Publication year - 2015
Publication title -
journal of the european academy of dermatology and venereology
Language(s) - English
Resource type - Journals
SCImago Journal Rank - 1.655
H-Index - 107
eISSN - 1468-3083
pISSN - 0926-9959
DOI - 10.1111/jdv.12684
Subject(s) - medicine , mycosis fungoides , dermatology , cutaneous t cell lymphoma , lymphoma , gastroenterology
Background Cutaneous T‐cell lymphoma ( CTCL ) is a potentially life‐limiting malignant disease. Treatment strategies in CTCL aim at disease control and remission with the lowest possible side‐effects. Objective Recent reports suggest that the new vitamin A derivative alitretinoin might be a well‐tolerated treatment option. Methods We analysed the files of 11 CTCL patients with mycosis fungoides ( n  =   10) or Sézary syndrome ( n  =   1), who were treated with oral alitretinoin alone or in combination with standard treatment based on individual off‐label treatment decisions. Patients had been monitored every 4–8 weeks with skin examination and laboratory analyses. Results Ten of 11 patients (90.9%) showed a marked improvement of their CTCL skin lesions and no progress of the disease during treatment with alitretinoin, one patient showed no response to the treatment (9.1%). Four of the responding patients (40.0%) had a complete response and 6 (60.0%) had a partial response. Average time to response was 2.5 months. Duration of treatment varied depending on whether patients had reached complete or partial remission. In general, alitretinoin was well tolerated.

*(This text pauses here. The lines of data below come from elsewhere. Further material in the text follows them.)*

lemma op_norm_on_rank_one_op_self:
  fixes u :: "complex^'n"
  assumes K: "K = \<real> \<or> K = UNIV" and u: "u \<in> Hspace K"
  shows "op_norm_on K (rank_one_op a u u) = spec_radius (rank_one_op a u u)"
proof (rule antisym)
  have radius: "spec_radius (rank_one_op a u u) = cmod a * (norm u)\<^sup>2"
    by (simp add: spec_radius_rank_one_op cinner_self norm_mult norm_power)
  show "op_norm_on K (rank_one_op a u u) \<le> spec_radius (rank_one_op a u u)"
    unfolding radius
  proof (rule op_norm_on_least[OF Hspace_zero[OF K]])
    fix x :: "complex^'n" assume "norm x \<le> 1"
    then have "cmod a * norm u * norm u * norm x \<le> cmod a * norm u * norm u"
      by (simp add: mult_left_le)
    then show "norm (rank_one_op a u u x) \<le> cmod a * (norm u)\<^sup>2"
      using norm_rank_one_op_le[of a u u x] by (simp add: power2_eq_square mult_ac)
  qed
  show "spec_radius (rank_one_op a u u) \<le> op_norm_on K (rank_one_op a u u)"
    using op_norm_on_rank_one_op_ge[OF K u] by (simp add: spec_radius_rank_one_op)
qed

lemma Dset_1:
  fixes p :: "'m::finite \<Rightarrow> real"
  shows "Dset p t 1 = range (\<lambda>i j. if j = i then complex_of_real (weight p t i) else 0)"
proof -
  have "Dset p t 1
      = (\<lambda>L j. if j \<in> L then complex_of_real (weight p t j) else 0) ` {L. card L = 1}"
    unfolding Dset_def by auto
  also have "{L :: 'm set. card L = 1} = range (\<lambda>i. {i})"
    by (auto simp: card_1_singleton_iff)
  finally show ?thesis
    by (simp add: image_image) (rule arg_cong[where f = range], auto simp: fun_eq_iff)
qed

lemma erasure_op_single:
  "erasure_op f g (\<lambda>j. if j = i then c else 0) = rank_one_op c (f i) (g i)"
proof
  fix x
  have "erasure_op f g (\<lambda>j. if j = i then c else 0) x
      = (\<Sum>j\<in>UNIV. if j = i then (c * cinner x (f i)) *s g i else 0)"
    unfolding erasure_op_def synthesis_op_def diag_op_def analysis_op_def comp_def
    by (intro sum.cong) auto
  also have "\<dots> = rank_one_op c (f i) (g i) x"
    by (simp add: rank_one_op_def)
  finally show "erasure_op f g (\<lambda>j. if j = i then c else 0) x = rank_one_op c (f i) (g i) x" .
qed

lemma R1_err_eq_Max:
  fixes f g :: "'m::finite \<Rightarrow> complex^'n"
  shows "R1_err p f g
    = (MAX i. cmod (complex_of_real (weight p TYPE('n) i) * cinner (g i) (f i)))"
  unfolding R1_err_def Dset_1 image_image erasure_op_single spec_radius_rank_one_op ..

lemma d_err_1_eq_Max:
  fixes f g :: "'m::finite \<Rightarrow> complex^'n"
  shows "d_err K p 1 f g
    = (MAX i. op_norm_on K (rank_one_op (complex_of_real (weight p TYPE('n) i)) (f i) (g i)))"
  unfolding d_err_def Dset_1 image_image erasure_op_single ..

One of 11 patients developed high non‐fasting average serum cholesterol (>300 mg/dL) and 1/11 a mean non‐fasting triglyceride value >500 mg/dL. In 3/11 patients, thyroid‐stimulating hormone declined without clinical symptoms during treatment, with one of the patients also showing a decreased thyroxin level. Conclusion In our group of CTCL patients we noticed a low rate of side‐effects and an overall good clinical response to treatment with alitretinoin. Further studies are required to substantiate this early clinical observation.